RTGen: Real-Time Generative Detection Transformer
- URL: http://arxiv.org/abs/2502.20622v1
- Date: Fri, 28 Feb 2025 01:01:56 GMT
- Title: RTGen: Real-Time Generative Detection Transformer
- Authors: Chi Ruan,
- Abstract summary: We propose a real-time generative object detector with a succinct encoder-decoder architecture.<n>Specifically, we introduce a novel Region-Language Decoder (RL-Decoder), which innovatively integrates a non-autoregressive language model into the detection decoder.
- Score: 0.0
- License: http://arxiv.org/licenses/nonexclusive-distrib/1.0/
- Abstract: While open-vocabulary object detectors require predefined categories during inference, generative object detectors overcome this limitation by endowing the model with text generation capabilities.
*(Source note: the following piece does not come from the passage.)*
(* Consider LPC-SVRG (defined in the context) and fix an epoch $s$ and inner index $t$. Let $d_\lambda\ge 0$ be a number such that almost surely, for every worker $i$, the number of coordinates of $u_t^i$ lying outside $[-2^{b-1}\delta,(2^{b-1}-1)\delta]$, where $\delta$ is the scale factor used to quantize $u_t^i$ (i.e. $\delta_t^i$ in scheme (a), $\delta_t$ in schemes (b),(c)), is at most $d_\lambda$. Then: (i) under communication scheme (a) or (b), $$\mathbf{E}\|v_t^{s+1}-\nabla f(x_t^{s+1})\|^2\le 2L^2\Big[\frac{d\lambda^2}{4(2^{b-1}-1)^2}+d_\lambda(1-\lambda)^2+\frac{1}{NB}\Big]\mathbf{E}\|x_t^{s+1}-\tilde x^s\|^2;$$ (ii) under communication scheme (c), $$\mathbf{E}\|v_t^{s+1}-\nabla f(x_t^{s+1})\|^2\le 2L^2\Big[\frac{3d\lambda^2}{8(2^{b-1}-1)^2}+d_\lambda(1-\lambda)^2+\frac{1}{NB}\Big]\mathbf{E}\|x_t^{s+1}-\tilde x^s\|^2.$$
   Context: Problem setting: $f_1,\dots,f_n:\mathbb{R}^d\to\mathbb{R}$ are differentiable with $\|\nabla f_i(x)-\nabla f_i(y)\|\le L\|x-y\|$; $f=\frac1n\sum_i f_i$; $h:\mathbb{R}^d\to\mathbb{R}\cup\{+\infty\}$ is proper, convex and lower semicontinuous; $P=f+h$; $\mathrm{prox}_{\eta h}(x)=\arg\min_y\{h(y)+\frac{1}{2\eta}\|y-x\|^2\}$. Quantization: for an integer $b\ge2$ and $\delta>0$, $\mathrm{dom}(\delta,b)=\{k\delta:k\in\mathbb{Z},-2^{b-1}\le k\le 2^{b-1}-1\}$; the scalar quantizer $Q_{(\delta,b)}(x)$, for $x\in[-2^{b-1}\delta,(2^{b-1}-1)\delta]$ with $z$ the largest grid point $\le x$, equals $z$ with probability $\frac{z+\delta-x}{\delta}$ and $z+\delta$ otherwise; for $x$ outside this interval it equals the nearest grid point. On vectors it acts coordinatewise with independent randomness. If $\delta=0$ (which only occurs when the vector to be quantized is $0$) we set the output to $0$. LPC-SVRG with $N$ workers, parameters $S,m,B\in\mathbb{N}$, $\eta>0$, $\lambda\in(0,1]$, $b\ge 2$, starting point $\tilde x^0=x^0$: for $s=0,\dots,S-1$, set $x_0^{s+1}=\tilde x^s$ and compute $\nabla f(\tilde x^s)$ exactly; for $t=0,\dots,m-1$: each worker $i\in\{1,\dots,N\}$ draws $B$ indices independently and uniformly from $\{1,\dots,n\}$ (with replacement; independent across workers and iterations), forming the multiset $I_t^i$, and computes $u_t^i=\frac1B\sum_{a\in I_t^i}[\nabla f_a(x_t^{s+1})-\nabla f_a(\tilde x^s)]$; let $\delta_t^i=\frac{\lambda\|u_t^i\|_\infty}{2^{b-1}-1}$. Then $\tilde u_t$ is formed by one of three schemes: (a) $\tilde u_t=\frac1N\sum_i Q_{(\delta_t^i,b)}(u_t^i)$; (b) with $\delta_t=\max_i\delta_t^i$, $\tilde u_t=\frac1N\sum_i Q_{(\delta_t,b)}(u_t^i)$; (c) with $\delta_t=\max_i\delta_t^i$ and $\tilde u_t^i=Q_{(\delta_t,b)}(u_t^i)$, $\tilde u_t=Q_{(\delta_t,b)}\big(\frac1N\sum_i\tilde u_t^i\big)$ (with fresh independent rounding). All quantization roundings are independent of each other given the sampled indices. Then $v_t^{s+1}=\tilde u_t+\nabla f(\tilde x^s)$ and $x_{t+1}^{s+1}=\mathrm{prox}_{\eta h}(x_t^{s+1}-\eta v_t^{s+1})$. After the inner loop, $\tilde x^{s+1}=x_m^{s+1}$. The output $x_{out}$ is chosen uniformly at random from $\{x_t^{s+1}: 0\le t\le m-1,\ 0\le s\le S-1\}$. *)

theory Defs
  imports "HOL-Analysis.Analysis" "HOL-Probability.Probability"
begin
However, existing generative object detection methods directly append an autoregressive language model to an object detector to generate texts for each detected object. This straightforward design leads to structural redundancy and increased processing time. In this paper, we propose a Real-Time GENerative Detection Transformer (RTGen), a real-time generative object detector with a succinct encoder-decoder architecture. Specifically, we introduce a novel Region-Language Decoder (RL-Decoder), which innovatively integrates a non-autoregressive language model into the detection decoder, enabling concurrent processing of object and text information. With these efficient designs, RTGen achieves a remarkable inference speed of 60.41 FPS. Moreover, RTGen obtains 18.6 mAP on the LVIS dataset, outperforming the previous SOTA method by 3.5 mAP.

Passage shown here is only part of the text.